Again, you ignore the point that number of nanopores isn't key, as each nanopore can sequence a molecule at upto 1000 bases per second. Then a fresh molecule is loaded and so on. On the PacB system 1 molecule is bound to 1 feature, and when that molecule is done,, the run is done. So number of molecules == number of features, so you need a lot of features and longer molecules to up the numbers. No such constraint on nanopore. Equally, I think its 1-3 bases per second on the optical systems so far far slower and, yes, less real time. So simply comparing number of features, whilst ignoring sensing speed per feature, and the ability to reload features (sensors) - shows you haven't grasped the fundamentals of how these systems work.

Actually we showed a while back our work on a 1 million sensor FET nanopore system, and that would sequence a Gigabase per second.

Hope that is helpful. Theres a wealth of online information, talks and slides, that explore these points in much more detail.

Anonymous said...

Is Pacbio now also going after 1D^2 reads with their newly added patent?

U.S. Patent No. 9,542,527

They added this patent to their lawsuit case with ONT. I'm no expert in this area so I can't tell if this patent is broad enough to conflict with the 1D^2 method.

Anonymous said...

-- I'm no expert in this area so I can't tell if this patent is broad enough to conflict with the 1D^2 method.

No it isn't. It's broadly similar to their previous ip.

David Eccles said...

That patent has a hairpin loop in its stated claims. It therefore doesn't apply to the 1D² basecalling.

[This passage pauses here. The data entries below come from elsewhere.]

(* Let $\Pi$ be a protocol on a memory set $M$ with $|M|=m$, having $n>2$ absorbing memory states, and let $\sigma\in\mathrm{br}(\Pi)$. Then there exists a protocol $\Pi'$ on some $M'\subset M$ with $|M'|=m-1$, having $n-1$ absorbing memory states, such that $U^R(\Pi)=U^R(\Pi')$ and the restriction of $\sigma$ to $M'\times\Theta$ is a best response to $\Pi'$.
   Context: Setting. The state of nature is $\theta\in\Theta=\{H,L\}$ with prior $\Pr(\theta=H)=p\in(0,1)$. A sender privately observes $\theta$; a receiver does not. $S$ is a finite signal set; conditional on $\theta$, signals are i.i.d. with distribution $\pi_\theta$ on $S$, where $\pi_\theta(s)>0$ for all $s\in S,\theta\in\Theta$, and $\pi_H\neq\pi_L$. The receiver has a finite set of memory states $M$ and chooses a protocol $\Pi=(f,g,a)$: a transition function $f:M\times S\to\Delta(M)$ ($f(i,s)(j)$ is the probability of moving from memory state $i$ to $j$ after signal $s$), an initial distribution $g\in\Delta(M)$ of $m_0$, and an action rule $a:M\to[0,1]$ (probability of action $H$ if the game ends in that memory state). A sender strategy is $\sigma:M\times\Theta\to[0,1]$, the probability of stopping in the current memory state given $\theta$. Timing: $m_0\sim g$; in each period $t=0,1,\dots$, with current memory state $m_t$, the game ends if $m_t$ is absorbing ($f(m_t,s)(m_t)=1$ for all $s$); otherwise the sender stops with probability $\sigma(m_t,\theta)$, ending the game; if not stopped, a signal $s_t\sim\pi_\theta$ is generated and $m_{t+1}\sim f(m_t,s_t)$. When the game ends in state $m_t$ the receiver takes action $H$ with probability $a(m_t)$ and $L$ otherwise. The receiver's payoff is $1$ if the action equals $\theta$ and $0$ otherwise; the sender's payoff is $1$ if the action is $H$ and $0$ otherwise; there is no discounting; if the game never ends both get $0$. $U^S(\Pi,\sigma),U^R(\Pi,\sigma)$ denote expected payoffs, $\mathrm{br}(\Pi)=\arg\sup_\sigma U^S(\Pi,\sigma)$ is the set of sender best responses, and $U^R(\Pi):=U^R(\Pi,\sigma)$ for $\sigma\in\mathrm{br}(\Pi)$. Since $\pi_\theta$ has full support, which transitions $i\to j$ have positive probability does not depend on $\theta$; the terms absorbing, transient, recurrent communicating class applied to $\Pi$ refer to the Markov chain on $M$ induced by $f$ with signals drawn from $\pi_\theta$ (sender never stopping), and mean the same for both $\theta$. *)

theory Defs
  imports "HOL-Analysis.Analysis"
begin

datatype theta = H | L

definition valid_signals :: "'s set \<Rightarrow> (theta \<Rightarrow> 's \<Rightarrow> real) \<Rightarrow> bool" where
  "valid_signals S \<pi> \<longleftrightarrow> finite S \<and>
     (\<forall>\<theta>. \<forall>s\<in>S. \<pi> \<theta> s > 0) \<and> (\<forall>\<theta>. (\<Sum>s\<in>S. \<pi> \<theta> s) = 1) \<and>
     (\<exists>s\<in>S. \<pi> H s \<noteq> \<pi> L s)"

text \<open>A protocol (f, g, a): trans i s j = f(i,s)(j), init = g, act = a.\<close>
record ('m, 's) protocol =
  trans :: "'m \<Rightarrow> 's \<Rightarrow> 'm \<Rightarrow> real"
  init  :: "'m \<Rightarrow> real"
  act   :: "'m \<Rightarrow> real"
(* Let $F$ be a finite group acting faithfully and transitively on an alphabet $\{0,\dots,q-1\}$, and let $\mathbb{T}$ be the $(q+1)$-regular tree. Then the discrete affine group $\mathrm{DA}_F(\mathbb{T})$ does not have Shalom's property $H_{\mathrm{FD}}$.
   Context: Fix an end of $\mathbb{T}$, a bi-infinite ray in $\mathbb{T}$ converging to this end, and a vertex $v$ on this ray. Removing $v$ leaves $q$ subtrees not containing the end; identify them with the alphabet $\{0,\dots,q-1\}$. The discrete affine group $\mathrm{DA}_F(\mathbb{T})$ is the group of automorphisms of $\mathbb{T}$ generated by an automorphism $t$ that translates along the ray (fixing the chosen end) together with the automorphisms permuting these $q$ subtrees according to the action of $F$. A finitely generated group has property $H_{\mathrm{FD}}$ if every unitary representation with nonzero first reduced cohomology (1-cocycles modulo the closure, for pointwise convergence, of 1-coboundaries) admits a nonzero finite-dimensional subrepresentation. *)

theory Defs
  imports "HOL-Analysis.Analysis" "HOL-Algebra.Group_Action" "HOL-Algebra.Generated_Groups"
begin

It could possibly be argued that regardless of whether or not the hairpin is included, ONT's method doesn't overlap with this patent because the electrical trace is produced by the MinION sequencing device, rather than the nucleotide sequence. This particular patent doesn't discuss an intermediate step involving data in an alternate form that is dissimilar from the nucleotide model. Even if it did, the conversion from the electrical signal to the base call for the MinION is always carried out in software using a general-purpose computer.